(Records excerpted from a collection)
lemma L_graph_automorphic_image:
  assumes iso: "automorphic_image m R \<sigma> psi psi'"
    and U: "U \<subseteq> {1..m}" and ab: "a \<in> {1..m}" "b \<in> {1..m}" "a \<noteq> b"
    and up: "\<sigma> a \<notin> R \<oplus>\<^sub>s \<sigma> ` U" "\<sigma> b \<notin> R \<oplus>\<^sub>s \<sigma> ` U"
    and arc: "b \<in> psi U \<oplus>\<^sub>s psi (U \<oplus>\<^sub>s {a})"
  shows "(\<sigma> a, \<sigma> b) \<in> L_graph m psi' (R \<oplus>\<^sub>s \<sigma> ` U)"
proof -
  have inj: "inj_on \<sigma> {1..m}" and maps: "\<sigma> ` {1..m} \<subseteq> {1..m}"
    and transport: "\<And>X j. X \<subseteq> {1..m} \<Longrightarrow> j \<in> {1..m} \<Longrightarrow>
                      \<sigma> j \<in> psi' (R \<oplus>\<^sub>s \<sigma> ` X) \<longleftrightarrow> j \<in> psi X"
    using iso unfolding automorphic_image_def by auto
  define W where "W = R \<oplus>\<^sub>s \<sigma> ` U"
  have "\<sigma> ` (U \<oplus>\<^sub>s {a}) = \<sigma> ` U \<oplus>\<^sub>s {\<sigma> a}"
    using image_sdiff[OF inj U] ab by simp
  moreover have "W \<union> {\<sigma> a} = W \<oplus>\<^sub>s {\<sigma> a}"
    using up(1) unfolding W_def by auto
  ultimately have "R \<oplus>\<^sub>s \<sigma> ` (U \<oplus>\<^sub>s {a}) = W \<union> {\<sigma> a}"
    unfolding W_def by (simp add: sdiff_assoc)
  then have "\<sigma> b \<in> psi' W \<oplus>\<^sub>s psi' (W \<union> {\<sigma> a})"
    using arc transport[OF U ab(2)] transport[OF sdiff_singleton_subset[OF U ab(1)] ab(2)]
    unfolding W_def by simp
  moreover have "\<sigma> a \<noteq> \<sigma> b"
    using inj_on_eq_iff[OF inj ab(1,2)] ab(3) by simp
  moreover have "\<sigma> a \<in> {1..m}" "\<sigma> b \<in> {1..m}"
    using ab(1,2) maps by blast+
  ultimately show ?thesis
    using up unfolding L_graph_def W_def by simp
qed

lemma high_part_shift: "W \<inter> {n+1..2*n} = (\<lambda>i. i + n) ` S \<Longrightarrow> high_part n W = S"
  unfolding high_part_def by (simp add: image_image)

lemma kaleidoscope_low_flips:
  assumes kal: "kaleidoscope n phi psi" and V: "V \<subseteq> {1..n}" and L: "L \<subseteq> {1..n}"
  obtains U where "U \<subseteq> {1..2*n}" and "U \<inter> {1..n} = L"
    and "\<And>a b. a \<in> {1..n} - V \<Longrightarrow> b \<in> {1..n} \<Longrightarrow>
           b \<in> psi U \<oplus>\<^sub>s psi (U \<oplus>\<^sub>s {a}) \<longleftrightarrow> b \<in> phi V \<oplus>\<^sub>s phi (V \<union> {a})"
proof -
  have outmap: "low_part n (psi X) = phi (low_part n X \<oplus>\<^sub>s high_part n X)" if "X \<subseteq> {1..2*n}" for X
    using kal that unfolding kaleidoscope_def by blast
  define S where "S = V \<oplus>\<^sub>s L"
  define U where "U = L \<union> (\<lambda>i. i + n) ` S"
  have "S \<subseteq> {1..n}"
    using V L unfolding S_def sdiff_def by blast
  then have U_high: "U \<inter> {n+1..2*n} = (\<lambda>i. i + n) ` S"
    and U_low: "U \<inter> {1..n} = L" and U_sub: "U \<subseteq> {1..2*n}"
    using L unfolding U_def by auto
  have "low_part n U \<oplus>\<^sub>s high_part n U = V"
    using U_low high_part_shift[OF U_high] unfolding low_part_def S_def by auto
  moreover have "low_part n (U \<oplus>\<^sub>s {a}) \<oplus>\<^sub>s high_part n (U \<oplus>\<^sub>s {a}) = V \<union> {a}"
    if a: "a \<in> {1..n} - V" for a
  proof -
    have "(U \<oplus>\<^sub>s {a}) \<inter> {n+1..2*n} = U \<inter> {n+1..2*n}"
      using a by auto
    then have "high_part n (U \<oplus>\<^sub>s {a}) = V \<oplus>\<^sub>s L"
      using U_high unfolding S_def by (simp add: high_part_shift)
    moreover have "low_part n (U \<oplus>\<^sub>s {a}) = L \<oplus>\<^sub>s {a}"
      using U_low a unfolding low_part_def by auto
    ultimately show ?thesis
      using a by auto
  qed
  ultimately have "low_part n (psi U) = phi V"
    and "low_part n (psi (U \<oplus>\<^sub>s {a})) = phi (V \<union> {a})" if "a \<in> {1..n} - V" for a
    using that outmap[OF U_sub] outmap[OF sdiff_singleton_subset[OF U_sub]] by auto
  then have "b \<in> psi U \<longleftrightarrow> b \<in> phi V"
    and "b \<in> psi (U \<oplus>\<^sub>s {a}) \<longleftrightarrow> b \<in> phi (V \<union> {a})"
    if "a \<in> {1..n} - V" "b \<in> {1..n}" for a b
    using that unfolding low_part_def by blast+
  then have "b \<in> psi U \<oplus>\<^sub>s psi (U \<oplus>\<^sub>s {a}) \<longleftrightarrow> b \<in> phi V \<oplus>\<^sub>s phi (V \<union> {a})"
    if "a \<in> {1..n} - V" "b \<in> {1..n}" for a b
    using that by simp
  with U_sub U_low show thesis
    by (rule that)
qed

lemma kaleidoscope_automorphic_image_L_graph:
  assumes kal: "kaleidoscope n phi psi" and iso: "automorphic_image (2*n) R \<sigma> psi psi'"
    and V: "V \<subseteq> {1..n}"
  obtains W where "W \<subseteq> {1..2*n}"
    and "\<And>a b. (a, b) \<in> L_graph n phi V \<Longrightarrow> (\<sigma> a, \<sigma> b) \<in> L_graph (2*n) psi' W"
proof -
  have R: "R \<subseteq> {1..2*n}" and inj: "inj_on \<sigma> {1..2*n}" and maps: "\<sigma> ` {1..2*n} \<subseteq> {1..2*n}"
    using iso unfolding automorphic_image_def by auto
  obtain U where U: "U \<subseteq> {1..2*n}" "U \<inter> {1..n} = {i \<in> {1..n}. \<sigma> i \<in> R}"
    and flips: "\<And>a b. a \<in> {1..n} - V \<Longrightarrow> b \<in> {1..n} \<Longrightarrow>
                  b \<in> psi U \<oplus>\<^sub>s psi (U \<oplus>\<^sub>s {a}) \<longleftrightarrow> b \<in> phi V \<oplus>\<^sub>s phi (V \<union> {a})"
    using kaleidoscope_low_flips[OF kal V, of "{i \<in> {1..n}. \<sigma> i \<in> R}"] by blast
  have up: "\<sigma> a \<notin> R \<oplus>\<^sub>s \<sigma> ` U" if a: "a \<in> {1..n}" for a
  proof -
    have "\<sigma> a \<in> \<sigma> ` U \<longleftrightarrow> a \<in> U"
      using inj_on_image_mem_iff[OF inj _ U(1)] a by simp
    moreover have "a \<in> U \<longleftrightarrow> \<sigma> a \<in> R"
      using U(2) a by blast
    ultimately show ?thesis
      by simp
  qed
  have W: "R \<oplus>\<^sub>s \<sigma> ` U \<subseteq> {1..2*n}"
    using R U(1) maps unfolding sdiff_def by blast
  have "(\<sigma> a, \<sigma> b) \<in> L_graph (2*n) psi' (R \<oplus>\<^sub>s \<sigma> ` U)" if "(a, b) \<in> L_graph n phi V" for a b
  proof -
    from that have a: "a \<in> {1..n} - V" and b: "b \<in> {1..n}" and "a \<noteq> b"
      and arc: "b \<in> phi V \<oplus>\<^sub>s phi (V \<union> {a})"
      unfolding L_graph_def by auto
    moreover from a b have "a \<in> {1..2*n}" "b \<in> {1..2*n}"
      by auto
    moreover have "b \<in> psi U \<oplus>\<^sub>s psi (U \<oplus>\<^sub>s {a})"
      using flips[OF a b] arc by blast
    ultimately show ?thesis
      using L_graph_automorphic_image[OF iso U(1)] up by blast
  qed
  with W show thesis
    by (rule that)
qed

theorem theorem6p6:
  fixes n :: nat and phi psi :: "nat set \<Rightarrow> nat set"
  assumes "is_USO n phi"
    and "\<not> property_L n phi"
    and "kaleidoscope n phi psi"
  shows "\<forall>psi'. is_USO (2*n) psi' \<and> USO_isomorphic (2*n) psi psi' \<longrightarrow> \<not> property_L (2*n) psi'"
proof (intro allI impI notI)
  fix psi' assume iso: "is_USO (2*n) psi' \<and> USO_isomorphic (2*n) psi psi'"
    and L: "property_L (2*n) psi'"
  have "cube_orientation (2*n) psi"
    using assms(3) unfolding kaleidoscope_def is_USO_def by blast
  then obtain R \<sigma> where image: "automorphic_image (2*n) R \<sigma> psi psi'"
    using iso by (blast elim: USO_isomorphic_automorphic_image)
  obtain V where V: "V \<subseteq> {1..n}" and cyclic: "\<not> acyclic (L_graph n phi V)"
    using assms(2) unfolding property_L_def by blast
  obtain W where W: "W \<subseteq> {1..2*n}"
    and hom: "\<And>a b. (a, b) \<in> L_graph n phi V \<Longrightarrow> (\<sigma> a, \<sigma> b) \<in> L_graph (2*n) psi' W"
    using kaleidoscope_automorphic_image_L_graph[OF assms(3) image V] by metis
  have "acyclic (L_graph (2*n) psi' W)"
    using L W unfolding property_L_def by blast
  with hom have "acyclic (L_graph n phi V)"
    by (rule acyclic_by_hom)
  with cyclic show False ..
qed

end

[What you will do] All that is required is the number of lines in the data above that contain the word "lemma".

[Output of the task] 4